subsection \<open>The proximal operator\<close>

lemma prox_objective_coercive:
  fixes f :: "'a::real_normed_vector \<Rightarrow> ereal"
  assumes D: "D \<ge> 0" and minorant: "\<And>y. ereal (A - D * norm (y - y0)) \<le> f y"
    and y0: "f y0 = ereal b"
  obtains R where "R \<ge> 0"
    "\<And>y. R < norm (y - y0) \<Longrightarrow>
       f y0 + ereal ((norm (y0 - \<theta>))\<^sup>2 / 2) \<le> f y + ereal ((norm (y - \<theta>))\<^sup>2 / 2)"
proof
  define e where "e = norm (y0 - \<theta>)"
  define R where "R = 2 * e + 2 * D + 2 + \<bar>b - A\<bar>"
  show "R \<ge> 0" using D unfolding R_def e_def by simp
  fix y assume "R < norm (y - y0)"
  define s where "s = norm (y - y0)"
  have e: "e \<ge> 0" unfolding e_def by simp
  have sR: "2 * e + 2 * D + 2 + \<bar>b - A\<bar> < s"
    using \<open>R < norm (y - y0)\<close> unfolding R_def s_def .
  have "s \<le> norm (y - \<theta>) + e" unfolding s_def e_def
    using norm_triangle_ineq[of "y - \<theta>" "\<theta> - y0"] by (simp add: norm_minus_commute)
  moreover have s_big: "2 * e + 2 * D + 2 \<le> s" using sR by linarith
  then have "0 \<le> s - e" using D e by linarith
  ultimately have "(s - e)\<^sup>2 \<le> (norm (y - \<theta>))\<^sup>2" by (intro power_mono) auto
  moreover have "s * 1 \<le> s * (s / 2 - e - D)"
    using s_big D e by (intro mult_left_mono) linarith+
  then have "s \<le> (s - e)\<^sup>2 / 2 - e\<^sup>2 / 2 - D * s" by (simp add: power2_eq_square algebra_simps)
  moreover have "b \<le> A + s" using sR D e by linarith
  ultimately have "b + e\<^sup>2 / 2 \<le> A - D * s + (norm (y - \<theta>))\<^sup>2 / 2" by linarith
  then have "f y0 + ereal ((norm (y0 - \<theta>))\<^sup>2 / 2) \<le> ereal (A - D * s) + ereal ((norm (y - \<theta>))\<^sup>2 / 2)"
    using y0 unfolding e_def by simp
  also have "\<dots> \<le> f y + ereal ((norm (y - \<theta>))\<^sup>2 / 2)"
    unfolding s_def by (intro add_right_mono minorant)
  finally show "f y0 + ereal ((norm (y0 - \<theta>))\<^sup>2 / 2) \<le> f y + ereal ((norm (y - \<theta>))\<^sup>2 / 2)" .
qed

lemma prox_minimizer_exists:
  fixes f :: "'a::euclidean_space \<Rightarrow> ereal"
  assumes pr: "proper_fun f" and cl: "closed_fun f" and cv: "convex_efun f"
  shows "\<exists>\<delta>. prox_minimizer f \<theta> \<delta>"
proof -
  obtain y0 where "f y0 < \<infinity>" "f y0 \<noteq> -\<infinity>" using pr unfolding proper_fun_def by auto
  then obtain b where b: "f y0 = ereal b" by (cases "f y0") auto
  obtain A D where D: "D \<ge> 0" "\<And>y. ereal (A - D * norm (y - y0)) \<le> f y"
    using proper_closed_convex_cone_minorant[OF pr cl cv b] by blast
  obtain R where R: "R \<ge> 0"
    "\<And>y. R < norm (y - y0) \<Longrightarrow>
       f y0 + ereal ((norm (y0 - \<theta>))\<^sup>2 / 2) \<le> f y + ereal ((norm (y - \<theta>))\<^sup>2 / 2)"
    using prox_objective_coercive[OF D b] by blast
  define \<phi> where "\<phi> y = f y + ereal ((norm (y - \<theta>))\<^sup>2 / 2)" for y
  have "continuous_on UNIV (\<lambda>y. (norm (y - \<theta>))\<^sup>2 / 2)" by (intro continuous_intros) auto
  then have "closed {y. \<phi> y \<le> ereal r}" for r
    unfolding \<phi>_def by (rule closed_fun_add_continuous_sublevel[OF cl])
  moreover have "compact (cball y0 R)" "cball y0 R \<noteq> {}" using \<open>R \<ge> 0\<close> by auto
  ultimately obtain p where p: "p \<in> cball y0 R" "\<And>y. y \<in> cball y0 R \<Longrightarrow> \<phi> p \<le> \<phi> y"
    using compact_attains_min_closed_sublevels[of "cball y0 R" \<phi>] by blast
  have "\<phi> p \<le> \<phi> y" for y
  proof (cases "y \<in> cball y0 R")
    case False
    then have "R < norm (y - y0)" by (simp add: dist_norm norm_minus_commute)
    then have "\<phi> y0 \<le> \<phi> y" using R(2) unfolding \<phi>_def by blast
    then show ?thesis using p(2)[of y0] \<open>R \<ge> 0\<close> by (metis centre_in_cball order.trans)
  qed (use p in auto)
  then show ?thesis unfolding \<phi>_def prox_minimizer_def by blast
qed

lemma prox_minimizer_finite:
  assumes "proper_fun f" "prox_minimizer f \<theta> \<delta>"
  shows "\<exists>r. f \<delta> = ereal r"
proof -
  obtain y0 where "f y0 < \<infinity>" using assms(1) unfolding proper_fun_def by auto
  then have "f y0 + ereal ((norm (y0 - \<theta>))\<^sup>2 / 2) < \<infinity>" by simp
  then have "f \<delta> + ereal ((norm (\<delta> - \<theta>))\<^sup>2 / 2) < \<infinity>"
    using assms(2) unfolding prox_minimizer_def by (meson le_less_trans)
  moreover have "f \<delta> \<noteq> -\<infinity>" using assms(1) unfolding proper_fun_def by auto
  ultimately show ?thesis by (cases "f \<delta>") auto
qed

lemma norm_midpoint_square:
  fixes u w :: "'a::real_inner"
  shows "(norm ((1/2) *\<^sub>R u + (1/2) *\<^sub>R w))\<^sup>2 = (norm u)\<^sup>2 / 2 + (norm w)\<^sup>2 / 2 - (norm (u - w))\<^sup>2 / 4"
  by (simp add: power2_norm_eq_inner inner_simps algebra_simps inner_commute) (simp add: field_simps)

lemma prox_minimizer_unique:
  fixes f :: "'a::euclidean_space \<Rightarrow> ereal"
  assumes pr: "proper_fun f" and cv: "convex_efun f"
    and d1: "prox_minimizer f \<theta> d1" and d2: "prox_minimizer f \<theta> d2"
  shows "d1 = d2"
proof -
  obtain a1 a2 where a: "f d1 = ereal a1" "f d2 = ereal a2"
    using prox_minimizer_finite[OF pr d1] prox_minimizer_finite[OF pr d2] by blast
  define q where "q y = (norm (y - \<theta>))\<^sup>2 / 2" for y
  have d: "f d + ereal (q d) \<le> f y + ereal (q y)" if "prox_minimizer f \<theta> d" for d y
    using that unfolding prox_minimizer_def q_def by blast
  have e12: "a1 + q d1 \<le> a2 + q d2" and e21: "a2 + q d2 \<le> a1 + q d1"
    using d[OF d1, of d2] d[OF d2, of d1] a by simp_all
  define mid where "mid = (1/2::real) *\<^sub>R d1 + (1 - 1/2) *\<^sub>R d2"
  have "f mid \<le> ereal (1/2) * f d1 + ereal (1 - 1/2) * f d2"
    using cv unfolding convex_efun_def mid_def
    by (elim allE[of _ d1] allE[of _ d2] allE[of _ "1/2"]) simp
  then have fm: "f mid \<le> ereal ((a1 + a2) / 2)" using a by (simp add: field_simps)
  have "mid - \<theta> = (1/2) *\<^sub>R (d1 - \<theta>) + (1/2) *\<^sub>R (d2 - \<theta>)"
    unfolding mid_def by (simp add: algebra_simps flip: scaleR_add_left)
  then have qm: "q mid = q d1 / 2 + q d2 / 2 - (norm (d1 - d2))\<^sup>2 / 8"
    unfolding q_def using norm_midpoint_square[of "d1 - \<theta>" "d2 - \<theta>"] by simp
  have "ereal (a1 + q d1) \<le> f mid + ereal (q mid)" using d[OF d1, of mid] a by simp
  also have "\<dots> \<le> ereal ((a1 + a2) / 2) + ereal (q mid)" using fm by (intro add_right_mono)
  finally have "a1 + q d1 \<le> (a1 + a2) / 2 + q mid" by simp
  then have "(norm (d1 - d2))\<^sup>2 \<le> 0" using qm e12 e21 by argo
  then show ?thesis by simp
qed

lemma prox_minimizer_prox:
  fixes f :: "'a::euclidean_space \<Rightarrow> ereal"
  assumes "proper_fun f" "closed_fun f" "convex_efun f"
  shows "prox_minimizer f \<theta> (prox f \<theta>)"
proof -
  have "\<exists>!\<delta>. prox_minimizer f \<theta> \<delta>"
    using prox_minimizer_exists[OF assms] prox_minimizer_unique[OF assms(1,3)] by blast
  then show ?thesis unfolding prox_def prox_minimizer_def[abs_def] by (rule theI')
qed

lemma prox_minimizer_segment_bound:
  fixes f :: "'a::real_inner \<Rightarrow> ereal"
  assumes pr: "proper_fun f" and cv: "convex_efun f" and mn: "prox_minimizer f \<theta> x"
    and fx: "f x = ereal fx" and fy: "f y = ereal a" and t: "0 < t" "t \<le> 1"
  shows "fx \<le> a + (x - \<theta>) \<bullet> (y - x) + t * (norm (y - x))\<^sup>2 / 2"
proof -
  define P where "P = (x - \<theta>) \<bullet> (y - x)"
  define N where "N = (norm (y - x))\<^sup>2"
  define z where "z = t *\<^sub>R y + (1 - t) *\<^sub>R x"
  have "f z \<le> ereal t * f y + ereal (1 - t) * f x"
    using cv t unfolding convex_efun_def z_def by simp
  then obtain b where b: "f z = ereal b" "b \<le> t * a + (1 - t) * fx"
    using pr fy fx unfolding proper_fun_def by (cases "f z") auto
  have zt: "z - \<theta> = (x - \<theta>) + t *\<^sub>R (y - x)" unfolding z_def by (simp add: algebra_simps)
  have nz: "(norm (z - \<theta>))\<^sup>2 = (norm (x - \<theta>))\<^sup>2 + 2 * t * P + t * t * N"
    unfolding zt P_def N_def
    by (simp add: power2_norm_eq_inner inner_add_left inner_add_right inner_commute algebra_simps)
  have "fx + (norm (x - \<theta>))\<^sup>2 / 2 \<le> b + (norm (z - \<theta>))\<^sup>2 / 2"
    using mn fx b unfolding prox_minimizer_def by (metis ereal_less_eq(3) plus_ereal.simps(1))
  then have "fx \<le> t * a + (1 - t) * fx + t * P + t * t * N / 2" using nz b(2) by argo
  then have "t * fx \<le> t * (a + P + t * N / 2)" by (simp add: algebra_simps)
  then show ?thesis using t unfolding P_def N_def by simp
qed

--

*TASK OBJECTIVE*. Reproduce exactly every line that sits between the start of the entries and the line bearing "R_def e_def by simp", counting both of those lines.

*SOLUTION BELOW*.
subsection \<open>The proximal operator\<close>

lemma prox_objective_coercive:
  fixes f :: "'a::real_normed_vector \<Rightarrow> ereal"
  assumes D: "D \<ge> 0" and minorant: "\<And>y. ereal (A - D * norm (y - y0)) \<le> f y"
    and y0: "f y0 = ereal b"
  obtains R where "R \<ge> 0"
    "\<And>y. R < norm (y - y0) \<Longrightarrow>
       f y0 + ereal ((norm (y0 - \<theta>))\<^sup>2 / 2) \<le> f y + ereal ((norm (y - \<theta>))\<^sup>2 / 2)"
proof
  define e where "e = norm (y0 - \<theta>)"
  define R where "R = 2 * e + 2 * D + 2 + \<bar>b - A\<bar>"
  show "R \<ge> 0" using D unfolding R_def e_def by simp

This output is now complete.